But I really want to animate it

Sure. Here’s that code.

fig, ax = plt.subplots(figsize=(10, 6))
line, = ax.plot(x, wave(x, 0))  # Initial plot (t=0)
ax.set_ylim([-A, A])  # Setting the y limits to the amplitude range
ax.set_xlabel('Position (x)')
ax.set_ylabel('Amplitude')
ax.grid(True)
ax.set_title("Amplitude vs. Position over Time")

def update(frame):
    line.set_ydata(wave(x, frame))  # Update the y data of the line plot for the current time frame
    ax.set_title(f"Amplitude vs. Position at t = {frame:.2f} s")
    return line,

# Animate over the given times using FuncAnimation
ani = FuncAnimation(fig, update, frames=t, blit=True, interval=50)
plt.close(fig) ## needed to stop another static image from being displayed

# Display the animation in the notebook
HTML(ani.to_jshtml())

Once Loop Reflect

## your code here

## REMEMBER THAT YOU ARE WORKING ON SUPERPOSITION OF WAVES

Implications of Superposition: Diffraction

One of the key indicators of wave like behavior is diffraction. Diffraction is the bending of waves around obstacles and it is a consequence of superposition.

In the case of single-slit diffraction, the wave is diffracted around a slit of width \(a\). a forms circular wave fronts that interfere with each other.

A screen placed a distance \(L\) away from the slit will show a diffraction pattern. We can show the intensity of the diffraction pattern is:

\[I(\theta) = I_0\left(\dfrac{\sin(\beta)}{\beta}\right)^2\]

where

\[\beta = \dfrac{\pi a \sin(\theta)}{\lambda}\]

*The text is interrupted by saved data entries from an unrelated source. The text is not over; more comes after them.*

text \<open>In a conical category, the word problem of \<open>U_mon(S)\<close> is solved by a normal form:
  delete identities and greedily compose adjacent composable arrows. Conicality makes this
  rewriting confluent, since a product of non-identities is never an identity. A word dividing
  the generator \<open>\<epsilon>(a)\<close> on the left then has a normal form of length at most one, so it equals
  \<open>\<epsilon>(x)\<close> for a left divisor \<open>x\<close> of \<open>a\<close> in \<open>S\<close>; hence left divisibility among generators is
  left divisibility in \<open>S\<close>, and the gcds correspond. The right-hand
  statement is the left-hand one for the opposite category.\<close>

locale conical_category =
  fixes S :: "'a set" and s t :: "'a \<Rightarrow> 'a" and m :: "'a \<Rightarrow> 'a \<Rightarrow> 'a"
  assumes category: "category S s t m" and conical: "conical S s t m"
begin

lemma src_in: "x \<in> S \<Longrightarrow> s x \<in> S"
  and tgt_in: "x \<in> S \<Longrightarrow> t x \<in> S"
  and src_src [simp]: "x \<in> S \<Longrightarrow> s (s x) = s x"
  and tgt_src [simp]: "x \<in> S \<Longrightarrow> t (s x) = s x"
  and src_tgt [simp]: "x \<in> S \<Longrightarrow> s (t x) = t x"
  and tgt_tgt [simp]: "x \<in> S \<Longrightarrow> t (t x) = t x"
  and comp_in: "x \<in> S \<Longrightarrow> y \<in> S \<Longrightarrow> t x = s y \<Longrightarrow> m x y \<in> S"
  and src_comp [simp]: "x \<in> S \<Longrightarrow> y \<in> S \<Longrightarrow> t x = s y \<Longrightarrow> s (m x y) = s x"
  and tgt_comp [simp]: "x \<in> S \<Longrightarrow> y \<in> S \<Longrightarrow> t x = s y \<Longrightarrow> t (m x y) = t y"
  and comp_src [simp]: "x \<in> S \<Longrightarrow> m (s x) x = x"
  and comp_tgt [simp]: "x \<in> S \<Longrightarrow> m x (t x) = x"
  and comp_assoc: "x \<in> S \<Longrightarrow> y \<in> S \<Longrightarrow> z \<in> S \<Longrightarrow> t x = s y \<Longrightarrow> t y = s z \<Longrightarrow>
    m (m x y) z = m x (m y z)"
  using category unfolding category_def by blast+

lemma tgt_identity: "x \<in> S \<Longrightarrow> s x = x \<Longrightarrow> t x = x"
  by (metis tgt_src)

lemma src_identity: "x \<in> S \<Longrightarrow> t x = x \<Longrightarrow> s x = x"
  by (metis src_tgt)

lemma comp_identity_left:
  "x \<in> S \<Longrightarrow> y \<in> S \<Longrightarrow> t x = s y \<Longrightarrow> s (m x y) = m x y \<Longrightarrow> s x = x"
  using conical comp_in unfolding conical_def Ids_def by blast

lemma comp_identity_right:
  assumes "x \<in> S" "y \<in> S" "t x = s y" "s (m x y) = m x y"
  shows "s y = y"
proof -
  have "x = s y"
    using comp_identity_left[OF assms] tgt_identity assms by metis
  then show ?thesis
    using assms by (metis comp_src src_comp)
qed

lemma cat_leq_src: "cat_leq S s t m x a \<Longrightarrow> x \<in> S \<Longrightarrow> s x = s a"
  unfolding cat_leq_def by force

lemma cat_leq_src_self: "x \<in> S \<Longrightarrow> cat_leq S s t m (s x) x"
  unfolding cat_leq_def by force

subsection \<open>Normal forms of words\<close>

definition nf_cons :: "'a \<Rightarrow> 'a list \<Rightarrow> 'a list" where
  "nf_cons x r = (if s x = x then r else (case r of [] \<Rightarrow> [x]
      | y # r' \<Rightarrow> (if t x = s y then m x y # r' else x # r)))"

definition nf :: "'a list \<Rightarrow> 'a list" where
  "nf w = foldr nf_cons w []"

fun normal_word :: "'a list \<Rightarrow> bool" where
  "normal_word [] = True"
| "normal_word [x] = (x \<in> S \<and> s x \<noteq> x)"
| "normal_word (x # y # r) = (x \<in> S \<and> s x \<noteq> x \<and> t x \<noteq> s y \<and> normal_word (y # r))"

lemma nf_Nil [simp]: "nf [] = []"
  by (simp add: nf_def)

lemma nf_Cons [simp]: "nf (x # w) = nf_cons x (nf w)"
  by (simp add: nf_def)

lemma nf_cons_identity: "s x = x \<Longrightarrow> nf_cons x r = r"
  by (simp add: nf_cons_def)

lemma nf_cons_in: "x \<in> S \<Longrightarrow> set r \<subseteq> S \<Longrightarrow> set (nf_cons x r) \<subseteq> S"
  by (auto simp: nf_cons_def comp_in split: list.splits)

lemma foldr_nf_cons_in: "set p \<subseteq> S \<Longrightarrow> set r \<subseteq> S \<Longrightarrow> set (foldr nf_cons p r) \<subseteq> S"
  by (induction p) (simp_all add: nf_cons_in)

lemma nf_in: "set u \<subseteq> S \<Longrightarrow> set (nf u) \<subseteq> S"
  using foldr_nf_cons_in[of u "[]"] by (simp add: nf_def)

lemma nf_cons_comp:
  assumes x: "x \<in> S" and y: "y \<in> S" and xy: "t x = s y" and r: "set r \<subseteq> S"
  shows "nf_cons x (nf_cons y r) = nf_cons (m x y) r"
proof (cases "s y = y")
  case True
  then have "m x y = x"
    using xy x by (metis comp_tgt)
  then show ?thesis
    using True by (simp add: nf_cons_identity)
next
  case ny: False
  show ?thesis
  proof (cases "s x = x")
    case True
    then have "m x y = y"
      using tgt_identity x xy y by (metis comp_src)
    then show ?thesis
      using True by (simp add: nf_cons_identity)
  next
    case nx: False
    have nxy: "s (m x y) \<noteq> m x y"
      using comp_identity_left x y xy nx by blast
    show ?thesis
    proof (cases r)
      case Nil
      then show ?thesis
        using nx ny nxy xy by (simp add: nf_cons_def)
    next
      case (Cons z r')
      have z: "z \<in> S"
        using r Cons by auto
      show ?thesis
      proof (cases "t y = s z")
        case True
        then show ?thesis
          using Cons nx ny nxy xy x y z comp_assoc[OF x y z xy True] by (simp add: nf_cons_def)
      next
        case False
        then show ?thesis
          using Cons nx ny nxy xy x y z by (simp add: nf_cons_def)
      qed
    qed
  qed
qed

lemma nf_cons_foldr:
  assumes x: "x \<in> S" and p: "set p \<subseteq> S" and r: "set r \<subseteq> S"
  shows "nf_cons x (foldr nf_cons p r) = foldr nf_cons (nf_cons x p) r"
proof (cases p)
  case Nil
  then show ?thesis
    by (simp add: nf_cons_def)
next
  case (Cons y p')
  have y: "y \<in> S" and in_S: "set (foldr nf_cons p' r) \<subseteq> S"
    using p r Cons foldr_nf_cons_in by auto
  consider "s x = x" | "s x \<noteq> x" "t x = s y" | "s x \<noteq> x" "t x \<noteq> s y"
    by blast
  then show ?thesis
  proof cases
    case 2
    then show ?thesis
      using Cons nf_cons_comp[OF x y _ in_S] by (simp add: nf_cons_def)
  qed (use Cons in \<open>simp_all add: nf_cons_def\<close>)
qed

lemma nf_append: "set u \<subseteq> S \<Longrightarrow> set w \<subseteq> S \<Longrightarrow> nf (u @ w) = foldr nf_cons (nf u) (nf w)"
proof (induction u)
  case Nil
  then show ?case
    by (simp add: nf_def)
next
  case (Cons x u)
  then show ?case
    using nf_cons_foldr[of x "nf u" "nf w"] nf_in by auto
qed

lemma normal_word_hd: "normal_word (y # r) \<Longrightarrow> y \<in> S \<and> s y \<noteq> y"
  by (cases r) auto

lemma normal_word_nf_cons:
  assumes x: "x \<in> S" and r: "normal_word r"
  shows "normal_word (nf_cons x r)"
proof (cases "s x = x \<or> r = []")
  case True
  then show ?thesis
    using r x by (auto simp: nf_cons_def)
next
  case False
  then obtain y r' where r_eq: "r = y # r'" and nx: "s x \<noteq> x"
    by (auto simp: neq_Nil_conv)
  have y: "y \<in> S" "s y \<noteq> y"
    using normal_word_hd r r_eq by auto
  show ?thesis
  proof (cases "t x = s y")
    case True
    have "s (m x y) \<noteq> m x y" "m x y \<in> S"
      using comp_identity_left comp_in x y True nx by blast+
    then show ?thesis
      using r r_eq True nx x y by (cases r') (simp_all add: nf_cons_def)
  next
    case False
    then show ?thesis
      using r r_eq nx x by (simp add: nf_cons_def)
  qed
qed

lemma normal_word_nf: "set u \<subseteq> S \<Longrightarrow> normal_word (nf u)"
  by (induction u) (auto intro: normal_word_nf_cons)

text \<open>Prepending a normal word never shortens: only its last letter can merge.\<close>

lemma foldr_nf_cons_normal_word:
  assumes "normal_word (x # p)" "set q \<subseteq> S"
  shows "\<exists>y rest. foldr nf_cons (x # p) q = y # rest \<and> s y = s x \<and> length p \<le> length rest"
  using assms
proof (induction p arbitrary: x)
  case Nil
  then show ?case
    by (cases q) (auto simp: nf_cons_def)
next
  case (Cons x2 p')
  obtain y rest where yr: "foldr nf_cons (x2 # p') q = y # rest" "s y = s x2" "length p' \<le> length rest"
    using Cons.IH[of x2] Cons.prems by auto
  have "foldr nf_cons (x # x2 # p') q = nf_cons x (y # rest)"
    using yr by simp
  also have "\<dots> = x # y # rest"
    using Cons.prems(1) yr by (simp add: nf_cons_def)
  finally show ?case
    using yr by auto
qed

lemma nf_prefix_of_short:
  assumes d: "set d \<subseteq> S" and w: "set w \<subseteq> S" and short: "length (nf (d @ w)) \<le> 1"
  shows "nf d = [] \<or> (\<exists>x y. nf d = [x] \<and> nf (d @ w) = [y] \<and> cat_leq S s t m x y)"
proof (cases "nf d")
  case Nil
  then show ?thesis by simp
next
  case (Cons x p)
  have normal: "normal_word (x # p)"
    using normal_word_nf[OF d] Cons by simp
  have q: "set (nf w) \<subseteq> S"
    using nf_in w by blast
  have eq: "foldr nf_cons (x # p) (nf w) = nf (d @ w)"
    using nf_append[OF d w] Cons by simp
  have p: "p = []"
    using foldr_nf_cons_normal_word[OF normal q] eq short by auto
  have x: "x \<in> S" "s x \<noteq> x"
    using normal p by auto
  have x_nf: "nf_cons x (nf w) = nf (d @ w)"
    using eq p by simp
  show ?thesis
  proof (cases "nf w")
    case Nil
    have "cat_leq S s t m x x"
      unfolding cat_leq_def using x tgt_in by (intro bexI[of _ "t x"]) auto
    then show ?thesis
      using x_nf Nil Cons p x by (auto simp: nf_cons_def)
  next
    case (Cons z q')
    have z: "z \<in> S"
      using q Cons by auto
    have "nf (d @ w) = (if t x = s z then m x z # q' else x # z # q')"
      using x_nf Cons x by (simp add: nf_cons_def)
    then have "t x = s z" "nf (d @ w) = [m x z]"
      using short by (auto split: if_splits)
    moreover have "cat_leq S s t m x (m x z)"
      unfolding cat_leq_def using z calculation(1) by blast
    ultimately show ?thesis
      using \<open>nf d = x # p\<close> p by auto
  qed
qed

subsection \<open>The monoid \<open>U_mon(S)\<close>\<close>

lemma umon_eq_imp_nf_eq: "umon_eq S s t m u v \<Longrightarrow> nf u = nf v"
proof (induction rule: umon_eq.induct)
  case (ident u v e)
  then have "e \<in> S" "s e = e"
    by (auto simp: Ids_def)
  with ident show ?case
    by (simp add: nf_append nf_cons_identity)
next
  case (mult u v x y)
  have "nf ([x, y] @ v) = nf ([m x y] @ v)"
    using mult nf_cons_comp nf_in by simp
  then show ?case
    using mult comp_in by (simp add: nf_append)
qed auto

lemma umon_eq_append_left: "umon_eq S s t m u v \<Longrightarrow> set w \<subseteq> S \<Longrightarrow> umon_eq S s t m (w @ u) (w @ v)"
proof (induction rule: umon_eq.induct)
  case (ident u v e)
  then show ?case
    using umon_eq.ident[of "w @ u" S v e s t m] by auto
next
  case (mult u v x y)
  then show ?case
    using umon_eq.mult[of "w @ u" S v x y t s m] by auto
next
  case (refl u)
  then show ?case
    by (intro umon_eq.refl) auto
qed (blast intro: umon_eq.sym umon_eq.trans)+

lemma umon_eq_append_right: "umon_eq S s t m u v \<Longrightarrow> set w \<subseteq> S \<Longrightarrow> umon_eq S s t m (u @ w) (v @ w)"
proof (induction rule: umon_eq.induct)
  case (ident u v e)
  then show ?case
    using umon_eq.ident[of u S "v @ w" e s t m] by auto
next
  case (mult u v x y)
  then show ?case
    using umon_eq.mult[of u S "v @ w" x y t s m] by auto
next
  case (refl u)
  then show ?case
    by (intro umon_eq.refl) auto
qed (blast intro: umon_eq.sym umon_eq.trans)+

and \(\lambda\) is the wavelength of the wave and \(\theta\) is the angle of the diffracted wave from the center of the slit (\(\tan(\theta) = y/L\) where \(y\) is the location along the screen).

✅ Do this

1. Plot the intensity of the diffraction pattern for a single slit of width \(a=1\) mm and wavelength \(\lambda=500\) nm.

2. Find the slit width needed to form a diffraction pattern for a typical water wave. You will need to make some estimates.

3. For atomic spacing (\(10^{-10}\) m), use your plotting tool to estimate the wavelength needed to form a diffraction pattern. You will need to make some estimates.

## your code here